(* Let $p$ be an odd prime, $m\ge3$ odd, $k\ge1$ even with $\gcd(m,k)=1$, and $\lambda$ a fixed nonsquare in $\mathbb{F}_p$. For every $(a,b,c)\in\mathbb{F}_{p^m}^3$, $S(a,b,c)$ lies in the set $\{0,\ (p-1)p^m,\ 2(p-1)p^m,\ \pm(p-1)p^{\frac{m+1}{2}},\ \pm2(p-1)p^{\frac{m+1}{2}}\}$.
   Context: $\mathrm{Tr}$ is the trace from $\mathbb{F}_{p^m}$ to $\mathbb{F}_p$ and $\zeta_p=e^{2\pi i/p}$. $S(a,b,c)=\sum_{y\in\mathbb{F}_p^*}\sum_{x\in\mathbb{F}_{p^m}}\big(\zeta_p^{y\,\mathrm{Tr}((a+b)x^2+cx^{p^k+1})}+\zeta_p^{y\,\mathrm{Tr}((a-b)\lambda x^2+c\lambda x^{p^k+1})}\big)$. *)

theory Defs
  imports Complex_Main "HOL-Number_Theory.Number_Theory"
begin

text \<open>The field F_{p^m} is modelled as an arbitrary finite field type 'a with
  card UNIV = p^m (all such fields are isomorphic).\<close>

definition tr :: "nat \<Rightarrow> nat \<Rightarrow> 'a::field \<Rightarrow> 'a" where
  "tr p m x = (\<Sum>i<m. x ^ (p ^ i))"

definition fp_val :: "nat \<Rightarrow> 'a::field \<Rightarrow> nat" where
  "fp_val p z = (THE j. j < p \<and> of_nat j = z)"

definition chi :: "nat \<Rightarrow> nat \<Rightarrow> nat \<Rightarrow> 'a::field \<Rightarrow> complex" where
  "chi p m y z = exp (2 * pi * \<i> * of_nat (y * fp_val p (tr p m z)) / of_nat p)"

definition S_sum :: "nat \<Rightarrow> nat \<Rightarrow> nat \<Rightarrow> int \<Rightarrow> 'a::{field,finite} \<Rightarrow> 'a \<Rightarrow> 'a \<Rightarrow> complex" where
  "S_sum p m k lam a b c =
     (\<Sum>y\<in>{1..<p}. \<Sum>x\<in>(UNIV::'a set).
        chi p m y ((a + b) * x^2 + c * x ^ (p^k + 1))
      + chi p m y ((a - b) * of_int lam * x^2 + c * of_int lam * x ^ (p^k + 1)))"

end

theory Submission
  imports Defs "HOL-Analysis.Complex_Transcendental" "HOL-Computational_Algebra.Polynomial"
begin

text \<open>
  Write \<open>S = T(a + b, c) + T(\<lambda>(a - b), \<lambda>c)\<close>, where \<open>T(A, C)\<close> is the character sum of the
  \<open>\<bbbF>\<^sub>p\<close>-quadratic form \<open>Q(x) = Tr(A x\<^sup>2 + C x\<^bsup>p^k+1\<^esup>)\<close>. Then
  \<open>T = \<Sum>\<^sub>w\<^sub>\<noteq>\<^sub>0 G(w)\<close> with Gauss sums \<open>G(w) = \<Sum>\<^sub>x \<psi>(w Q(x))\<close>, and counting zeros of \<open>Q\<close>
  shows \<open>T = p \<cdot> #{Q = 0} - p\<^sup>m\<close> is an integer.

  Pick \<open>s\<close> with \<open>\<nu> = s\<^sup>2 + 1\<close> a nonsquare in \<open>\<bbbF>\<^sub>p\<close>. The substitution
  \<open>(x, z) \<mapsto> (s x + z, s z - x)\<close> gives \<open>G(\<nu>)\<^sup>2 = G(1)\<^sup>2\<close>, and \<open>G\<close> is constant on square classes, so
  either the two square classes cancel (\<open>T = 0\<close>) or \<open>G\<close> is constant on \<open>\<bbbF>\<^sub>p\<^sup>*\<close>; then
  \<open>T = (p - 1) G(1)\<close> and \<open>G(1)\<^sup>2 = G(1) G(-1) = p\<^sup>m |rad Q|\<close>.

  For \<open>C \<noteq> 0\<close> the radical of \<open>Q\<close> is contained in the kernel of a linearized polynomial
  \<open>C\<^bsup>p^k\<^esup> u\<^bsup>p^2k\<^esup> + 2A\<^bsup>p^k\<^esup> u\<^bsup>p^k\<^esup> + C u\<close>, which has at most \<open>p\<^sup>2\<close> roots because
  \<open>gcd(k, m) = 1\<close>; so \<open>|rad Q| = p\<^sup>d\<close> with \<open>d \<le> 2\<close>. Since \<open>m\<close> is odd, the integer equation
  \<open>T\<^sup>2 = (p - 1)\<^sup>2 p\<^bsup>m + d\<^esup>\<close> forces \<open>d = 1\<close> and \<open>T = \<plusminus>(p - 1) p\<^bsup>(m+1)/2\<^esup>\<close>.
  For \<open>C = 0\<close> the form is zero (\<open>T = (p - 1) p\<^sup>m\<close>) or nondegenerate (\<open>T = 0\<close>).
\<close>

section \<open>Elementary number theory\<close>

lemma even_exponent_if_square:
  fixes t a :: int and q n :: nat
  assumes "prime q" "t ^ 2 = a ^ 2 * int q ^ n" "\<not> int q dvd a"
  shows "even n"
proof -
  have q: "prime_elem (int q)"
    using assms(1) by simp
  have "a \<noteq> 0" "int q \<noteq> 0"
    using assms(1,3) by auto
  then have "t \<noteq> 0"
    using assms(2) by auto
  have "2 * multiplicity (int q) t = multiplicity (int q) (t ^ 2)"
    by (rule prime_elem_multiplicity_power_distrib[OF q \<open>t \<noteq> 0\<close>, symmetric])
  also have "\<dots> = multiplicity (int q) (a ^ 2) + multiplicity (int q) (int q ^ n)"
    unfolding assms(2) using \<open>a \<noteq> 0\<close> \<open>int q \<noteq> 0\<close>
    by (intro prime_elem_multiplicity_mult_distrib[OF q]) auto
  also have "multiplicity (int q) (a ^ 2) = 0"
    using assms(1,3) prime_dvd_mult_iff[of "int q" a a]
    by (intro not_dvd_imp_multiplicity_0) (simp add: power2_eq_square)
  also have "multiplicity (int q) (int q ^ n) = n"
    by (rule multiplicity_prime_power[OF q])
  finally show ?thesis
    by (metis add_0 dvd_triv_left)
qed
___
* [Exercise details] Return only this span, exactly: the line that contains "by (intro not_dvd_imp_multiplicity_0)" and all lines after it to the end of the records.

* [Response to this exercise]
    by (intro not_dvd_imp_multiplicity_0) (simp add: power2_eq_square)
  also have "multiplicity (int q) (int q ^ n) = n"
    by (rule multiplicity_prime_power[OF q])
  finally show ?thesis
    by (metis add_0 dvd_triv_left)
qed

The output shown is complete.